Hap Map : Des chercheurs canadiens jouent un rôle clé dans une réalisation scientifique d'avant-garde, Un Consortium international termine la carte des variations génétiques humaines

MONTREAL, QUEBEC--(CCNMatthews - 26 oct. 2005) -

Conférence de presse en direct à 13h45, heure de l'Est, diffusée dans Internet à www.genome.gov

Le Consortium international HapMap a annoncé aujourd'hui l'achèvement du premier catalogue complet des variations génétiques humaines, une réalisation historique qui accélère déjà la recherche de gènes responsables de maladies courantes comme l'asthme, le diabète, le cancer et les cardiopathies. Deux éminents chercheurs canadiens qui ont joué un rôle clé dans le projet ont participé à l'annonce à Salt Lake City.
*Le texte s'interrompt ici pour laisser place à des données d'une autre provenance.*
lemma hom_eq_at_later_stage:
  assumes G: "pmor U (Y N) G" and G': "pmor U (Y N) G'" and eq: "meq U (\<iota> N \<bullet> G) (\<iota> N \<bullet> G')"
  obtains p where "meq U (ytr y N p \<bullet> G) (ytr y N p \<bullet> G')"
proof -
  have eventually_eq: "\<forall>\<^sub>F q in sequentially. ytr y N q r n (G r n 1) = ytr y N q r n (G' r n 1)"
    if "0 \<le> r" "1 \<in> car U r n" for r n
    using eventually_ytr_eq[OF that(1) pmor_in[OF G that] pmor_in[OF G' that]] eq that
    by (simp add: meq_def pcomp_def)
  have "\<forall>\<^sub>F q in sequentially. filled \<longrightarrow>
      ytr y N q \<tau> (k - 1) (G \<tau> (k - 1) 1) = ytr y N q \<tau> (k - 1) (G' \<tau> (k - 1) 1)"
    using eventually_eq[OF \<tau>_nonneg one_in_car_sphere_fill] by (cases filled) simp_all
  with eventually_eq[OF s_nonneg one_in_car_sphere_cell] obtain p where
    "ytr y N p s k (G s k 1) = ytr y N p s k (G' s k 1)"
    "filled \<longrightarrow> ytr y N p \<tau> (k - 1) (G \<tau> (k - 1) 1) = ytr y N p \<tau> (k - 1) (G' \<tau> (k - 1) 1)"
    unfolding eventually_sequentially by (metis (full_types) le_sup_iff order.refl)
  then have "meq U (ytr y N p \<bullet> G) (ytr y N p \<bullet> G')"
    using sphere_hom_eqI[OF pmor_pcomp[OF G pmor_ytr[of N p]] pmor_pcomp[OF G' pmor_ytr[of N p]]]
    by (simp add: pcomp_def)
  then show thesis ..
qed

lemma hom_eq_eventually:
  assumes g: "pmor U (Y i) g" and g': "pmor U (Y j) g'" and eq: "meq U (\<iota> i \<bullet> g) (\<iota> j \<bullet> g')"
  shows "\<exists>m. i \<le> m \<and> j \<le> m \<and> meq U (ytr y i (m - i) \<bullet> g) (ytr y j (m - j) \<bullet> g')"
proof -
  define N where "N = max i j"
  have Ni: "i + (N - i) = N" and Nj: "j + (N - j) = N"
    by (auto simp: N_def)
  define G where "G = ytr y i (N - i) \<bullet> g"
  define G' where "G' = ytr y j (N - j) \<bullet> g'"
  have G: "pmor U (Y N) G" and G': "pmor U (Y N) G'"
    unfolding G_def G'_def using pmor_pcomp[OF g pmor_ytr] pmor_pcomp[OF g' pmor_ytr] Ni Nj by metis+
  have "meq U (\<iota> N \<bullet> G) (\<iota> N \<bullet> G')"
    using eq meq_colim_ytr[OF g, of "N - i"] meq_colim_ytr[OF g', of "N - j"]
    unfolding G_def G'_def Ni Nj by (simp add: meq_def)
  then obtain p where p: "meq U (ytr y N p \<bullet> G) (ytr y N p \<bullet> G')"
    using hom_eq_at_later_stage[OF G G'] by blast
  have "ytr y i (N + p - i) = ytr y N p \<bullet> ytr y i (N - i)"
    "ytr y j (N + p - j) = ytr y N p \<bullet> ytr y j (N - j)"
    using ytr_add[of y i "N - i" p] ytr_add[of y j "N - j" p] Ni Nj
    by (simp_all add: N_def)
  with p have "meq U (ytr y i (N + p - i) \<bullet> g) (ytr y j (N + p - j) \<bullet> g')"
    by (simp add: G_def G'_def pcomp_def)
  then show ?thesis
    by (intro exI[of _ "N + p"]) (auto simp: N_def)
qed

lemma compact_wrt_sphere: "compact_wrt U Y y L \<iota>"
  unfolding compact_wrt_def using hom_factors_through_stage hom_eq_eventually by blast

end

theorem mainTheorem4:
  fixes A :: "nat \<Rightarrow> 'a set" and c :: "nat \<Rightarrow> 'a \<Rightarrow> nat \<times> real \<times> ereal"
    and \<phi> \<psi> :: "nat \<Rightarrow> ('a \<Rightarrow> real, 'v::real_vector) pmap"
    and Y :: "nat \<Rightarrow> 'v pcc" and y :: "nat \<Rightarrow> ('v, 'v) pmap"
    and L :: "'w::real_vector pcc" and \<iota> :: "nat \<Rightarrow> ('v, 'w) pmap"
  assumes "rel_seq_Icell_complex A c \<phi> \<psi> Y y L \<iota>"
    and "(k, s, t) \<in> Igen"
  shows "compact_wrt (sphere k s t) Y y L \<iota>"
proof -
  interpret sphere_over_seq_colim Y y L \<iota> k s t
    using assms unfolding rel_seq_Icell_complex_def Igen_def by unfold_locales auto
  show ?thesis
    by (rule compact_wrt_sphere)
qed

end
M. Tom Hudson, du Centre d'innovation de Génome Québec et de l'Université McGill, a été le directeur canadien du projet HapMap et l'un des directeurs initiaux du document de principes du projet HapMap. Mme Bartha Knoppers, Ph.D., LL.B., de l'Université de Montréal, a coprésidé l'équipe internationale en éthique et dirigé les discussions sur le sujet dans le projet HapMap. A l'aide des plates-formes de technologie d'analyse de l'ADN à haut rendement du Centre d'innovation de Génome Québec et de l'Université McGill, le groupe canadien a analysé les chromosomes 2 et 4p du génome humain, des travaux qui ont produit 10 % des données du projet HapMap

DESCRIPTION DE HAPMAP

HapMap est un catalogue des variations génétiques les plus fréquentes chez l'humain. Il décrit la nature des variantes, leur emplacement dans la séquence d'ADN et leur distribution au sein d'une population et entre les populations dans différentes parties du monde. Dans un article de la revue Nature, publié dans le numéro du 27 octobre 2005, plus de 200 chercheurs du Canada, de la Chine, du Japon, du Nigeria, du Royaume-Uni et des Etats-Unis décrivent les résultats initiaux de la cartographie des modèles des variations génétiques courantes chez la population mondiale. Les résultats montrent avec éloquence que les variations dans le génome humain sont structurées dans des voisinages locaux appelés haplotypes.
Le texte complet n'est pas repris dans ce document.